• **WHAT IS EXPECTED**: The lines to repeat are those below from the one containing "(\<exists>x\<in>S. v x" down to the one containing "using reachable_iff_reachable_parikh by", both included; reproduce them exactly and nothing else.

• **EXERCISE INPUTS**:
(* Let $\mathcal{T}=[0,T_{max}]$, $\mathcal{T}_d,\mathcal{T}_a\subseteq\mathcal{T}$ compact, $\mathcal{X}=[X_{min},X_{max}]$ with $0\le X_{min}<X_{max}$, $m$ a probability measure on $\mathcal{X}\times\mathcal{T}_a$, $G>0$, and let $V:\mathbb{R}^+\to\mathbb{R}^+$ be a strictly decreasing Lipschitz continuous speed function. For $F\in\mathcal{P}_{m,G}$ let $z_F\in\mathcal{C}(\mathcal{T})$ denote the unique solution of $z_F(t)=\int_0^t V\big(F(S_s(z_F))\big)\,ds$, $t\in\mathcal{T}$. If $(F_k)_{k\in\mathbb{N}}\subseteq\mathcal{P}_{m,G}$ converges weakly to $F$ (so that $F\in\mathcal{P}_{m,G}$), then $z_{F_k}\to z_F$ uniformly on $\mathcal{T}$.
   Context: $\mathcal{C}(\mathcal{T})$ denotes the space of real-valued continuous functions on $\mathcal{T}$ with the uniform norm. $\lambda_2$ denotes Lebesgue measure on $\mathbb{R}^2$. $\mathcal{P}_{m,G}$ is the set of all Borel probability measures $F$ on $\mathcal{T}_d\times\mathcal{X}$ such that (i) $F(B)\le G\,\lambda_2(B)$ for every Borel set $B\subseteq\mathcal{T}_d\times\mathcal{X}$, and (ii) $F(\mathcal{T}_d\times B)=m(B\times\mathcal{T}_a)$ for every Borel set $B\subseteq\mathcal{X}$. For $z\in\mathcal{C}(\mathcal{T})$ and $t\in\mathcal{T}$, $S_t(z):=\{(\tau,\xi)\,:\,\tau\in[0,t]\cap\mathcal{T}_d,\ \xi\in(z(t)-z(\tau),\infty)\cap\mathcal{X}\}$. *)

theory Defs
  imports "HOL-Probability.Probability"
begin

text \<open>Borel probability measures on the plane are modelled as measures on
  the type real \<times> real with the Borel sigma-algebra; the first component is the
  time coordinate tau (in T_d), the second the space coordinate xi (in X).\<close>

definition P_mG ::
  "real set \<Rightarrow> real set \<Rightarrow> real set \<Rightarrow> (real \<times> real) measure \<Rightarrow> real \<Rightarrow> (real \<times> real) measure set"
  where "P_mG Td Ta X m G = {F.
     prob_space F \<and> sets F = sets borel \<and> emeasure F (Td \<times> X) = 1 \<and>
     (\<forall>B\<in>sets borel. B \<subseteq> Td \<times> X \<longrightarrow>
         emeasure F B \<le> ennreal G * emeasure lborel B) \<and>
     (\<forall>B\<in>sets borel. B \<subseteq> X \<longrightarrow> emeasure F (Td \<times> B) = emeasure m (B \<times> Ta))}"
(* Let $\mathfrak P$ be a prime ideal of $\mathcal O$ over $\mathfrak p$ and $n_\mathfrak P=\deg f_\mathfrak P$. Let $g_0=1,g_1,\dots,g_{n_\mathfrak P-1}\in A[x]$ be such that each $g_m$ is a divisor polynomial of degree $m$ of $f_\mathfrak P$ (e.g. the set ${\mathcal B}_\mathfrak P$ of the paper, built from an Okutsu frame). Then the family $\{g_0(\theta),g_1(\theta),\dots,g_{n_\mathfrak P-1}(\theta)\}\subset L$ is $w_\mathfrak P$-reduced.
   Context: Let $A$ be a Dedekind domain with fraction field $K$, $\mathfrak p$ a nonzero prime ideal of $A$ with discrete valuation $v_\mathfrak p$, $K_\mathfrak p$ the completion, $\hat A_\mathfrak p$ its valuation ring, $\hat v$ the extension of $v_\mathfrak p$ to $\overline K_\mathfrak p$. Let $f\in A[x]$ be monic irreducible separable, $\theta$ a root, $L=K(\theta)$, $\mathcal O$ the integral closure of $A$ in $L$. For a prime $\mathfrak P$ of $\mathcal O$ over $\mathfrak p$ with ramification index $e=e(\mathfrak P/\mathfrak p)$, let $v_\mathfrak P$ be its normalized discrete valuation on $L$ and $w_\mathfrak P:=v_\mathfrak P/e$; let $f_\mathfrak P$ be the corresponding monic irreducible factor of $f$ in $\hat A_\mathfrak p[x]$ and $\theta_\mathfrak P$ a root of it, so that $w_\mathfrak P(g(\theta))=\hat v(g(\theta_\mathfrak P))$ for $g\in A[x]$. For $g=\sum c_kx^k\in K_\mathfrak p[x]$, $v_0(g)=\min_k v_\mathfrak p(c_k)$. A divisor polynomial of degree $m$ ($0\le m<\deg f_\mathfrak P$) of $f_\mathfrak P$ is a monic $g_m\in\hat A_\mathfrak p[x]$ of degree $m$ with $\hat v(g_m(\theta_\mathfrak P))\ge\hat v(g(\theta_\mathfrak P))-v_0(g)$ for all $g\in\hat A_\mathfrak p[x]$ of degree $m$. A finite family ${\mathcal B}$ of elements of $L$ is $w$-reduced (for a map $w:L\to\mathbb Q\cup\{\infty\}$) if $w(\sum_{b\in{\mathcal B}}\lambda_b b)=\min_{b}w(\lambda_b b)$ for all $\lambda_b\in K$. *)

theory Defs
  imports "HOL-Computational_Algebra.Polynomial" "HOL-Library.Extended_Real"
begin

definition subring_set :: "'a::field set \<Rightarrow> bool" where
  "subring_set S \<longleftrightarrow> 0 \<in> S \<and> 1 \<in> S \<and>
     (\<forall>x\<in>S. \<forall>y\<in>S. x + y \<in> S \<and> x - y \<in> S \<and> x * y \<in> S)"

definition subfield_set :: "'a::field set \<Rightarrow> bool" where
  "subfield_set S \<longleftrightarrow> subring_set S \<and> (\<forall>x\<in>S. x \<noteq> 0 \<longrightarrow> inverse x \<in> S)"

definition ideal_in :: "'a::field set \<Rightarrow> 'a set \<Rightarrow> bool" where
  "ideal_in R I \<longleftrightarrow> I \<subseteq> R \<and> 0 \<in> I \<and> (\<forall>x\<in>I. \<forall>y\<in>I. x + y \<in> I)
     \<and> (\<forall>a\<in>R. \<forall>x\<in>I. a * x \<in> I)"

definition prime_ideal_in :: "'a::field set \<Rightarrow> 'a set \<Rightarrow> bool" where
  "prime_ideal_in R I \<longleftrightarrow> ideal_in R I \<and> I \<noteq> R \<and>
     (\<forall>a\<in>R. \<forall>b\<in>R. a * b \<in> I \<longrightarrow> a \<in> I \<or> b \<in> I)"

definition maximal_ideal_in :: "'a::field set \<Rightarrow> 'a set \<Rightarrow> bool" where
  "maximal_ideal_in R I \<longleftrightarrow> ideal_in R I \<and> I \<noteq> R \<and>
     (\<forall>J. ideal_in R J \<and> I \<subseteq> J \<longrightarrow> J = I \<or> J = R)"

definition noetherian_set :: "'a::field set \<Rightarrow> bool" where
  "noetherian_set R \<longleftrightarrow> (\<forall>C :: nat \<Rightarrow> 'a set.
     (\<forall>n. ideal_in R (C n) \<and> C n \<subseteq> C (Suc n)) \<longrightarrow> (\<exists>N. \<forall>n\<ge>N. C n = C N))"

definition integral_over :: "'a::field set \<Rightarrow> 'a \<Rightarrow> bool" where
  "integral_over R x \<longleftrightarrow> (\<exists>q. lead_coeff q = 1 \<and> set (coeffs q) \<subseteq> R \<and> poly q x = 0)"

text \<open>Integral closure of R in the ambient field (used with ambient field L = K(theta)).\<close>
definition integral_closure :: "'a::field set \<Rightarrow> 'a set" where
  "integral_closure R = {x. integral_over R x}"

definition dedekind_domain_frac :: "'a::field set \<Rightarrow> 'a set \<Rightarrow> bool" where
  "dedekind_domain_frac A K \<longleftrightarrow> subring_set A \<and> subfield_set K \<and> A \<subseteq> K \<and>
     (\<forall>k\<in>K. \<exists>a\<in>A. \<exists>b\<in>A. b \<noteq> 0 \<and> k = a / b) \<and>
     noetherian_set A \<and>
     (\<forall>x\<in>K. integral_over A x \<longrightarrow> x \<in> A) \<and>
     (\<forall>P. prime_ideal_in A P \<and> P \<noteq> {0} \<longrightarrow> maximal_ideal_in A P)"

definition localization :: "'a::field set \<Rightarrow> 'a set \<Rightarrow> 'a set" where
  "localization R P = {a / s | a s. a \<in> R \<and> s \<in> R - P}"

definition normalized_dv :: "'a::field set \<Rightarrow> ('a \<Rightarrow> ereal) \<Rightarrow> bool" where
  "normalized_dv S v \<longleftrightarrow>
     (\<forall>x\<in>S. v x = \<infinity> \<longleftrightarrow> x = 0) \<and>
     (\<forall>x\<in>S - {0}. \<exists>k::int. v x = ereal (of_int k)) \<and>
     (\<forall>x\<in>S. \<forall>y\<in>S. v (x * y) = v x + v y \<and> min (v x) (v y) \<le> v (x + y)) \<and>
     (\<exists>x\<in>S. v x = 1)"

definition rat_valuation :: "('a::field \<Rightarrow> ereal) \<Rightarrow> bool" where
  "rat_valuation v \<longleftrightarrow>
     (\<forall>x. v x = \<infinity> \<longleftrightarrow> x = 0) \<and>
     (\<forall>x. x \<noteq> 0 \<longrightarrow> (\<exists>q::rat. v x = ereal (of_rat q))) \<and>
     (\<forall>x y. v (x * y) = v x + v y \<and> min (v x) (v y) \<le> v (x + y))"
lemma not_live_imp_reachable_deadlock:
  assumes "finite T" "P' \<subseteq> P" "wmg_le P' T Wpt Wtp" "strongly_connected P' T Wpt Wtp"
    and "\<not> live P T Wpt Wtp M0"
  shows "\<exists>M. reachable P T Wpt Wtp M0 M \<and> (\<forall>t\<in>T. \<not> enabled P Wpt M t)"
proof -
  obtain t M' where t: "t \<in> T" and "reachable P T Wpt Wtp M0 M'"
    and dead: "\<forall>M''. reachable P T Wpt Wtp M' M'' \<longrightarrow> \<not> enabled P Wpt M'' t"
    using assms(5) unfolding live_def by blast
  then obtain X where X: "reachable_parikh P T Wpt Wtp M0 M' X"
    using reachable_iff_reachable_parikh by blast
  have "\<forall>u\<in>T. \<exists>k. \<forall>M Z. reachable_parikh P T Wpt Wtp M' M Z \<longrightarrow> Z u \<le> k"
  proof
    fix u assume "u \<in> T"
    then have "(Inr t, Inr u) \<in> (net_arc P' T Wpt Wtp)\<^sup>*"
      using assms(4) t unfolding strongly_connected_def by blast
    then have "count_bounded P T Wpt Wtp M' (Inr u)"
      using count_bounded_path[OF assms(1-3) _ count_bounded_if_never_enabled[OF dead]] by blast
    then show "\<exists>k. \<forall>M Z. reachable_parikh P T Wpt Wtp M' M Z \<longrightarrow> Z u \<le> k"
      by (simp add: count_bounded_def)
  qed
  from bchoice[OF this] obtain K
    where K: "\<forall>u\<in>T. \<forall>M Z. reachable_parikh P T Wpt Wtp M' M Z \<longrightarrow> Z u \<le> K u" by blast
  obtain M Z where Z: "reachable_parikh P T Wpt Wtp M' M Z" and "\<forall>u\<in>T. Z u \<le> K u + 1"
    and stuck: "\<forall>u\<in>T. Z u < K u + 1 \<longrightarrow> \<not> enabled P Wpt M u"
    by (rule maximal_bounded_run[OF assms(1)])
  have "reachable P T Wpt Wtp M0 M"
    using reachable_parikh_trans[OF X Z] reachable_iff_reachable_parikh by blast
  moreover have "\<forall>t\<in>T. \<not> enabled P Wpt M t" using stuck K Z by (simp add: less_Suc_eq_le)
  ultimately show ?thesis by blast
qed
lemma invariant_Bset:
  assumes "spanned_by_images K" and "invariant K" and "K \<subseteq> M"
  shows "invariant (Bset M d K r)"
  unfolding invariant_def
proof (intro ballI image_subsetI)
  fix T x assume T: "T \<in> F" and x: "x \<in> Bset M d K r"
  then have "x \<in> M" and "\<And>a. a \<in> K \<Longrightarrow> d x a \<le> r"
    using assms(3) commute by (auto simp: mem_Bset_iff)
  then have "\<forall>S\<in>F. \<forall>y\<in>K. d (T x) (S y) \<le> r"
    using dist_images_le[OF T _ _ assms(3,2)] by blast
  then have "\<forall>a\<in>K. d (T x) a \<le> r"
    using assms(1) maps_into[OF T \<open>x \<in> M\<close>] unfolding spanned_by_images_def by blast
  then show "T x \<in> Bset M d K r"
    using assms(3) maps_into[OF T \<open>x \<in> M\<close>] commute by (auto simp: mem_Bset_iff)
qed

lemma diam_d_pos_if_no_fixed_point:
  assumes "mbounded M" and "K \<subseteq> M" and "K \<noteq> {}" and "invariant K"
    and "\<not> (\<exists>x\<in>K. \<forall>T\<in>F. T x = x)"
  shows "0 < diam_d d K"
proof -
  obtain x T where "x \<in> K" and "T \<in> F" and "T x \<noteq> x"
    using assms(3,5) by blast
  moreover have "T x \<in> K"
    using assms(4) \<open>x \<in> K\<close> \<open>T \<in> F\<close> unfolding invariant_def by blast
  ultimately have "0 < d x (T x)" and "d x (T x) \<le> diam_d d K"
    using assms(1,2) diam_d_ge mbounded_subset by (auto simp: subset_iff)
  then show ?thesis by linarith
qed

• **OUTPUT OF THE TASK**:
     (\<exists>x\<in>S. v x = 1)"

definition rat_valuation :: "('a::field \<Rightarrow> ereal) \<Rightarrow> bool" where
  "rat_valuation v \<longleftrightarrow>
     (\<forall>x. v x = \<infinity> \<longleftrightarrow> x = 0) \<and>
     (\<forall>x. x \<noteq> 0 \<longrightarrow> (\<exists>q::rat. v x = ereal (of_rat q))) \<and>
     (\<forall>x y. v (x * y) = v x + v y \<and> min (v x) (v y) \<le> v (x + y))"
lemma not_live_imp_reachable_deadlock:
  assumes "finite T" "P' \<subseteq> P" "wmg_le P' T Wpt Wtp" "strongly_connected P' T Wpt Wtp"
    and "\<not> live P T Wpt Wtp M0"
  shows "\<exists>M. reachable P T Wpt Wtp M0 M \<and> (\<forall>t\<in>T. \<not> enabled P Wpt M t)"
proof -
  obtain t M' where t: "t \<in> T" and "reachable P T Wpt Wtp M0 M'"
    and dead: "\<forall>M''. reachable P T Wpt Wtp M' M'' \<longrightarrow> \<not> enabled P Wpt M'' t"
    using assms(5) unfolding live_def by blast
  then obtain X where X: "reachable_parikh P T Wpt Wtp M0 M' X"
    using reachable_iff_reachable_parikh by blast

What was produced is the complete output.